In the records that follow, the lines from the one containing "F i = F (i - 1)" to the one containing "int \<Rightarrow> nat", inclusive, are to be given again exactly.

----- Information

(* (1) There is a one-to-one correspondence between finite positive integral frieze patterns of width $2n$ with principal growth coefficient $0$ and positive integral friezes on $P_n^\star$ where $\star$ has order $2$. (2) There is a one-to-one correspondence between finite positive integral frieze patterns of width $3n$ with principal growth coefficient $1$ and positive integral friezes on $P_n^\star$ where $\star$ has order $3$.
   Context: A finite positive integral frieze pattern of width $N$ is a function $F$ on $\{0\le j-i\le N\}$ with $F(i,i)=F(i,i+N)=0$, $F(i,i+1)=F(i,i+N-1)=1$, $F(i,j)F(i+1,j+1)-F(i+1,j)F(i,j+1)=1$ whenever defined, and positive integer entries for $0<j-i<N$. With quiddity $a_i=F(i-1,i+1)$, extend $F$ to all $j\ge i$ by $F(i,i)=0$, $F(i,i+1)=1$, $F(i,j+1)=a_jF(i,j)-F(i,j-1)$ (the tame extension); if $p$ is the minimal period of $(a_i)$, the principal growth coefficient is $F(i,i+p+1)-F(i+1,i+p)$, independent of $i$. Let $\lambda_p=2\cos(\pi/p)$. $P_n^\star$ is a polygon with vertices $v_0,\ldots,v_{n-1}$ and an interior orbifold point $\star$ of order $p$ (the quotient of $P_{pn}$ by rotation through $2\pi/p$). Its arcs are standard arcs $(v_i,v_j)$, $i\ne j$, from $v_i$ to $v_j$ with $v_{i+1},\ldots,v_{j-1}$ on the side not containing $\star$ (boundary segments when $j=i+1$), and pending arcs $(v_i,v_i)$, loops at $v_i$ cutting out a monogon containing $\star$. A frieze on $P_n^\star$ is a function $f$ from arcs to an integral domain with $f=1$ on boundary segments and respecting skein relations: for crossing arcs $\tau,\tau'$, $f(\tau)f(\tau')=f(\Gamma^+)+f(\Gamma^-)$ where $\Gamma^\pm$ are obtained by the two smoothings of a crossing, $f$ multiplicative on multicurves, self-crossings smoothed recursively, contractible closed curves valued $-2$ and closed curves around $\star$ valued $\lambda_p$ (so $f(v_i,v_i)f(v_j,v_j)=f(v_i,v_j)^2+\lambda_pf(v_i,v_j)f(v_j,v_i)+f(v_j,v_i)^2$ for distinct pending arcs). It is positive integral if all its values are positive integers. *)

theory Defs
  imports Complex_Main
begin

text \<open>F is a function int => int => int;
  only the values on the domain 0 <= j - i <= N are meaningful, and we normalise F to be 0
  outside that domain so that distinct friezes are distinct functions.\<close>
definition finite_frieze :: "nat \<Rightarrow> (int \<Rightarrow> int \<Rightarrow> int) \<Rightarrow> bool" where
  "finite_frieze N F \<longleftrightarrow>
     (\<forall>i j. \<not> (0 \<le> j - i \<and> j - i \<le> int N) \<longrightarrow> F i j = 0) \<and>
     (\<forall>i. F i i = 0 \<and> F i (i + int N) = 0 \<and> F i (i + 1) = 1 \<and> F i (i + int N - 1) = 1) \<and>
     (\<forall>i j. i + 1 \<le> j \<and> j \<le> i + int N - 1 \<longrightarrow>
            F i j * F (i + 1) (j + 1) - F (i + 1) j * F i (j + 1) = 1) \<and>
     (\<forall>i j. 0 < j - i \<and> j - i < int N \<longrightarrow> F i j > 0)"

definition quiddity :: "(int \<Rightarrow> int \<Rightarrow> int) \<Rightarrow> int \<Rightarrow> int" where
  "quiddity F i = F (i - 1) (i + 1)"

text \<open>Tame extension: tame_ext a i k = F(i, i+k), with F(i,i)=0, F(i,i+1)=1,
  F(i,j+1) = a_j F(i,j) - F(i,j-1).\<close>
fun tame_ext :: "(int \<Rightarrow> int) \<Rightarrow> int \<Rightarrow> nat \<Rightarrow> int" where
  "tame_ext a i 0 = 0"
| "tame_ext a i (Suc 0) = 1"
| "tame_ext a i (Suc (Suc k)) = a (i + int k + 1) * tame_ext a i (Suc k) - tame_ext a i k"

definition min_period :: "(int \<Rightarrow> int) \<Rightarrow> nat" where
  "min_period a = (LEAST p. 0 < p \<and> (\<forall>i. a (i + int p) = a i))"

text \<open>Principal growth coefficient F(i,i+p+1) - F(i+1,i+p) (taken at i = 0).\<close>
definition principal_growth :: "(int \<Rightarrow> int \<Rightarrow> int) \<Rightarrow> int" where
  "principal_growth F =
     (let a = quiddity F; p = min_period a
      in tame_ext a 0 (p + 1) - tame_ext a 1 (p - 1))"

definition lambda_p :: "nat \<Rightarrow> real" where
  "lambda_p p = 2 * cos (pi / real p)"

----------

Task answer »
  "quiddity F i = F (i - 1) (i + 1)"

text \<open>Tame extension: tame_ext a i k = F(i, i+k), with F(i,i)=0, F(i,i+1)=1,
  F(i,j+1) = a_j F(i,j) - F(i,j-1).\<close>
fun tame_ext :: "(int \<Rightarrow> int) \<Rightarrow> int \<Rightarrow> nat \<Rightarrow> int" where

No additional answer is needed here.